UTI Dividend Yield clearly boasts of a large cap equity portfolio having invested into many of the prime blue-chip equity stocks. However, though this fund is stated to invest in high dividend yielding companies, the same is not really reflected in its current portfolio. Most of the stocks invested into have trailing dividend yield ranging from about 1-4%. The portfolio, thus, mostly resembles the portfolio of any other large-cap equity mutual fund.


   What is noteworthy, however, is the extent of diversification undertaken by the fund manager. The 3,000-crore portfolio is extensively diversified to incorporate some 50 stocks, thereby restricting the exposure per stock to just about 4-5%. The only exception here is Infosys Technologies which currently commands a share of about 7% in the portfolio.


   As far as the holding tenure of the stocks is concerned, this is clearly a long-term investor's portfolio as most of the stocks held by the fund are at least more than a year old. In fact, stocks such as SBI, Birla Corporation, Greaves Cotton, Clariant Chemicals, Tata Chemicals, Marico, Gujarat Mineral Development Corporation, ONGC, Akzo Nobel, NTPC and Indian Oil Corporation are part of the portfolio since 2005. It is hardly surprising then to note that the fund has booked handsome profits on these holdings over a 5-year period. If one were to consider the profit quotient of this fund, currently 78% of the equity portfolio is in the profit zone, indicating that the current market value is higher than the cost of investment.


OUR VIEW:

A large cap focussed portfolio, extensive diversification and an investment strategy to hold the funds for a fairly long time clearly make UTI Dividend Yield an ideal investment for a risk-averse investor. The fund has not only taken cautious bets over a period of time, but has also proved its mettle in both a bullish and bearish market phase. However, it would help if the portfolio had a higher number of high dividendyielding stocks.

 

Popular posts from this blog

Understanding Your Cibil Credit Information Report

   WE ARE all familiar with the anxiety and uncertainty that we feel when applying for a loan. After all, it's the lender who decides whether we can own our dream home, our first car, or whether our children can pursue higher education. In a nutshell, a better life depends on the lender's decisions.    While other factors do play a part in the lender's decision, the Cibil Credit Information Report ( CIR ) plays a crucial role in a lender's decision to approve a loan application.    Previously, lenders would treat all loan seekers equally.

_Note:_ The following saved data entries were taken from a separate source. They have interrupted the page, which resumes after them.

(* Let $\mathcal A$ be an abelian category, let $M$ be an object and let $0\to F\to N\to C\to 0$ be a fully invariant short exact sequence in $\mathcal A$. Then: (1) $N$ is (strongly) $M$-$F$-split if and only if for every direct summand $M_1$ of $M$ and every direct summand $N_1$ of $N$, $N_1$ is (strongly) $M_1$-$(F\cap N_1)$-split. (2) $N$ is dual (strongly) $M$-$F$-split if and only if for every direct summand $M_1$ of $M$ and every direct summand $N_1$ of $N$, $N/N_1$ is dual (strongly) $M/M_1$-$((F+N_1)/N_1)$-split.
   Context: Convention: each statement containing parenthetical words holds in two versions: one obtained by deleting all parenthetical words and one obtained by keeping all of them. Let $\mathcal A$ be an abelian category. A morphism $s:X\to Y$ is a section if $ts=1_X$ for some $t$, and a retraction if $st=1_Y$ for some $t$. A monomorphism $i:K\to M$ is fully invariant if for every morphism $h:M\to M$ there is $\alpha:K\to K$ with $hi=i\alpha$; an epimorphism $d:M\to C$ is fully coinvariant if for every $h:M\to M$ there is $\beta:C\to C$ with $dh=\beta d$. A short exact sequence $0\to F\xrightarrow{i}N\xrightarrow{d}C\to 0$ is fully invariant if $i$ is fully invariant (equivalently $d$ is fully coinvariant). (For a direct summand $N_1$ of $N$, the inclusion $F\cap N_1\to N_1$ is fully invariant and $(F+N_1)/N_1$ is a fully invariant subobject of $N/N_1$, so the notions below apply.) For an object $M$ and a fully invariant short exact sequence $0\to F\xrightarrow{i}N\xrightarrow{d}C\to 0$: $N$ is (strongly) $M$-$F$-split if for every morphism $g:M\to N$, $\ker(dg)$ (equivalently the morphism $P\to M$ in the pullback of $i$ along $g$) is a (fully invariant) section; $N$ is dual (strongly) $M$-$F$-split if for every morphism $g:N\to M$, $\mathrm{coker}(gi)$ (equivalently the morphism $M\to Q$ in the pushout of $d$ along $g$) is a (fully coinvariant) retraction. *)

theory Defs
  imports Main
begin

text \<open>Arrows carry domain and codomain; c_comp g f is the composite g after f.\<close>

record ('o, 'm) acat =
  c_ob   :: "'o set"
  c_ar   :: "'m set"
  c_dom  :: "'m \<Rightarrow> 'o"
  c_cod  :: "'m \<Rightarrow> 'o"
  c_comp :: "'m \<Rightarrow> 'm \<Rightarrow> 'm"
  c_id   :: "'o \<Rightarrow> 'm"
  c_add  :: "'m \<Rightarrow> 'm \<Rightarrow> 'm"
  c_neg  :: "'m \<Rightarrow> 'm"
  c_zero :: "'o \<Rightarrow> 'o \<Rightarrow> 'm"

definition hom :: "('o, 'm) acat \<Rightarrow> 'o \<Rightarrow> 'o \<Rightarrow> 'm set" where
  "hom A X Y = {f \<in> c_ar A. c_dom A f = X \<and> c_cod A f = Y}"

Each applicant, if approved by the lender's internal credit policy, would be charged at the same interest rate for a particular loan size and purpose. The lenders would charge a higher interest rate to all the borrowers, in order to compensate for the possible default of a small portion of the loan disbursed. In other words, it's like a professor (the lender) punishing an entire class (borrowers) for the mischief played b...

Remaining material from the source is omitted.